::: Data shown :::
lemma phi_complementary:
  assumes "Y \<in> PSD" "Z \<in> PSD" "Y \<bullet> Z = 0"
  shows "phi Y Z = 0"
proof -
  have "(1/2) *\<^sub>R Z \<in> PSD"
    using assms(2) by (simp add: PSD_scaleR)
  then have "projPSD ((1/2) *\<^sub>R Z - Y) = (1/2) *\<^sub>R Z"
    unfolding projPSD_def using assms
    by (intro closest_point_cone_complementary[OF convex_cone_PSD closed_PSD PSD_inner_nonneg]) simp_all
  then show ?thesis
    by (simp add: phi_def power_divide)
qed

lemma differentiable_sqnorm_projPSD: "(\<lambda>W. (norm (projPSD W))\<^sup>2) differentiable (at W)"
  unfolding differentiable_def projPSD_def
  using has_derivative_sqnorm_closest_point_cone[OF convex_cone_PSD closed_PSD] by blast


section \<open>Local minima within a subspace\<close>

lemma has_derivative_zero_if_vanishes_on_directions:
  assumes "(g has_derivative D) (at p within S)" "\<And>y. y \<in> S \<Longrightarrow> D (y - p) = 0"
  shows "(g has_derivative (\<lambda>_. 0)) (at p within S)"
proof -
  have "\<forall>\<^sub>F y in at p within S. (1 / norm (y - p)) *\<^sub>R (g y - (g p + D (y - p)))
      = (1 / norm (y - p)) *\<^sub>R (g y - (g p + 0))"
    using assms(2) by (simp add: eventually_at_filter)
  with assms(1) show ?thesis
    unfolding has_derivative_within by (simp add: tendsto_cong)
qed

lemma has_derivative_zero_at_local_min_within_subspace:
  fixes g :: "'a::real_normed_vector \<Rightarrow> real"
  assumes S: "subspace S" and p: "p \<in> S" and D: "(g has_derivative D) (at p within S)"
    and e: "0 < e" and min: "\<And>y. y \<in> S \<Longrightarrow> dist y p < e \<Longrightarrow> g p \<le> g y"
  shows "(g has_derivative (\<lambda>_. 0)) (at p within S)"
proof (rule has_derivative_zero_if_vanishes_on_directions[OF D])
  have "D h = 0" if h: "h \<in> S" for h
  proof -
    let ?line = "\<lambda>t::real. p + t *\<^sub>R h"
    have line_S: "range ?line \<subseteq> S"
      using S p h by (auto intro: subspace_add subspace_scale)
    have "(?line has_derivative (\<lambda>t. t *\<^sub>R h)) (at 0)"
      by (auto intro!: derivative_eq_intros)
    moreover have "(g has_derivative D) (at (?line 0) within range ?line)"
      using has_derivative_subset[OF D line_S] by simp
    ultimately have "((\<lambda>t. g (?line t)) has_derivative (\<lambda>t. D (t *\<^sub>R h))) (at 0)"
      by (rule has_derivative_in_compose)
    moreover have "(?line \<longlongrightarrow> p) (at 0)"
      by (auto intro!: tendsto_eq_intros)
    then have "\<forall>\<^sub>F t in at 0. dist (?line t) p < e"
      using e by (rule tendstoD)
    then have "\<forall>\<^sub>F t in at 0. g (?line 0) \<le> g (?line t)"
      by (rule eventually_mono) (use line_S min in auto)
    ultimately have "(\<lambda>t. D (t *\<^sub>R h)) = (\<lambda>_. 0)"
      by (rule has_derivative_local_min)
    then show "D h = 0"
      by (metis scaleR_one)
  qed
  then show "D (y - p) = 0" if "y \<in> S" for y
    using S p that by (simp add: subspace_diff)
qed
:::
## What you will do
Word for word, copy all of the listing above.

## Answer box
lemma phi_complementary:
  assumes "Y \<in> PSD" "Z \<in> PSD" "Y \<bullet> Z = 0"
  shows "phi Y Z = 0"
proof -
  have "(1/2) *\<^sub>R Z \<in> PSD"
    using assms(2) by (simp add: PSD_scaleR)
  then have "projPSD ((1/2) *\<^sub>R Z - Y) = (1/2) *\<^sub>R Z"
    unfolding projPSD_def using assms
    by (intro closest_point_cone_complementary[OF convex_cone_PSD closed_PSD PSD_inner_nonneg]) simp_all
  then show ?thesis
    by (simp add: phi_def power_divide)
qed

lemma differentiable_sqnorm_projPSD: "(\<lambda>W. (norm (projPSD W))\<^sup>2) differentiable (at W)"
  unfolding differentiable_def projPSD_def
  using has_derivative_sqnorm_closest_point_cone[OF convex_cone_PSD closed_PSD] by blast


section \<open>Local minima within a subspace\<close>

lemma has_derivative_zero_if_vanishes_on_directions:
  assumes "(g has_derivative D) (at p within S)" "\<And>y. y \<in> S \<Longrightarrow> D (y - p) = 0"
  shows "(g has_derivative (\<lambda>_. 0)) (at p within S)"
proof -
  have "\<forall>\<^sub>F y in at p within S. (1 / norm (y - p)) *\<^sub>R (g y - (g p + D (y - p)))
      = (1 / norm (y - p)) *\<^sub>R (g y - (g p + 0))"
    using assms(2) by (simp add: eventually_at_filter)
  with assms(1) show ?thesis
    unfolding has_derivative_within by (simp add: tendsto_cong)
qed

lemma has_derivative_zero_at_local_min_within_subspace:
  fixes g :: "'a::real_normed_vector \<Rightarrow> real"
  assumes S: "subspace S" and p: "p \<in> S" and D: "(g has_derivative D) (at p within S)"
    and e: "0 < e" and min: "\<And>y. y \<in> S \<Longrightarrow> dist y p < e \<Longrightarrow> g p \<le> g y"
  shows "(g has_derivative (\<lambda>_. 0)) (at p within S)"
proof (rule has_derivative_zero_if_vanishes_on_directions[OF D])
  have "D h = 0" if h: "h \<in> S" for h
  proof -
    let ?line = "\<lambda>t::real. p + t *\<^sub>R h"
    have line_S: "range ?line \<subseteq> S"
      using S p h by (auto intro: subspace_add subspace_scale)
    have "(?line has_derivative (\<lambda>t. t *\<^sub>R h)) (at 0)"
      by (auto intro!: derivative_eq_intros)
    moreover have "(g has_derivative D) (at (?line 0) within range ?line)"
      using has_derivative_subset[OF D line_S] by simp
    ultimately have "((\<lambda>t. g (?line t)) has_derivative (\<lambda>t. D (t *\<^sub>R h))) (at 0)"
      by (rule has_derivative_in_compose)
    moreover have "(?line \<longlongrightarrow> p) (at 0)"
      by (auto intro!: tendsto_eq_intros)
    then have "\<forall>\<^sub>F t in at 0. dist (?line t) p < e"
      using e by (rule tendstoD)
    then have "\<forall>\<^sub>F t in at 0. g (?line 0) \<le> g (?line t)"
      by (rule eventually_mono) (use line_S min in auto)
    ultimately have "(\<lambda>t. D (t *\<^sub>R h)) = (\<lambda>_. 0)"
      by (rule has_derivative_local_min)
    then show "D h = 0"
      by (metis scaleR_one)
  qed
  then show "D (y - p) = 0" if "y \<in> S" for y
    using S p that by (simp add: subspace_diff)
qed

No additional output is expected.